theorem mainTheorem8:
  fixes n j :: nat and d m :: "nat \<Rightarrow> nat" and \<rho> :: "complex mat"
    and Ch :: "nat \<Rightarrow> complex mat \<Rightarrow> complex mat"
    and \<E> \<K> :: "complex mat \<Rightarrow> complex mat"
    and P :: "nat \<Rightarrow> nat \<Rightarrow> complex mat" and lam :: real
  assumes dims: "\<forall>k\<le>n. d k > 0"
    and rho: "density_op (d 0) \<rho>"
    and chans: "\<forall>k\<in>{1..n} - {j}. CPTP (d (k - 1)) (d k) (Ch k)"
    and meas: "measurements n d m P"
    and j: "j \<in> {1..n}"
    and E: "CPTP (d (j - 1)) (d j) \<E>"
    and K: "CPTP (d (j - 1)) (d j) \<K>"
    and hlam: "0 \<le> lam" "lam \<le> 1"
  shows "(neg_right n m \<rho> (Ch(j := mix_map lam \<E> \<K>)) P
           \<le> lam * neg_right n m \<rho> (Ch(j := \<E>)) P + (1 - lam) * neg_right n m \<rho> (Ch(j := \<K>)) P)
       \<and> (neg_left n m \<rho> (Ch(j := mix_map lam \<E> \<K>)) P
           \<le> lam * neg_left n m \<rho> (Ch(j := \<E>)) P + (1 - lam) * neg_left n m \<rho> (Ch(j := \<K>)) P)
       \<and> (neg_doubled n m \<rho> (Ch(j := mix_map lam \<E> \<K>)) P
           \<le> lam * neg_doubled n m \<rho> (Ch(j := \<E>)) P + (1 - lam) * neg_doubled n m \<rho> (Ch(j := \<K>)) P)"
proof -
  have rho': "\<rho> \<in> carrier_mat (d 0) (d 0)" using rho unfolding density_op_def psd_def by simp
  have chans': "\<forall>k\<in>{1..n} - {j}. lin_map (d (k - 1)) (d k) (Ch k)"
    using chans unfolding CPTP_def by blast
  have E': "lin_map (d (j - 1)) (d j) \<E>" and K': "lin_map (d (j - 1)) (d j) \<K>"
    using E K unfolding CPTP_def by blast+
  have "j \<le> n" using j by simp
  note mix_le = neg_right_mix_le neg_left_mix_le neg_doubled_mix_le
  show ?thesis using mix_le[OF rho' chans' meas \<open>j \<le> n\<close> E' K' hlam] by blast
qed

■ Problem requirements ■
For every line of the data above that contains "blast", copy that line.

■ Answer to this exercise ■
    using chans unfolding CPTP_def by blast
    using E K unfolding CPTP_def by blast+
  show ?thesis using mix_le[OF rho' chans' meas \<open>j \<le> n\<close> E' K' hlam] by blast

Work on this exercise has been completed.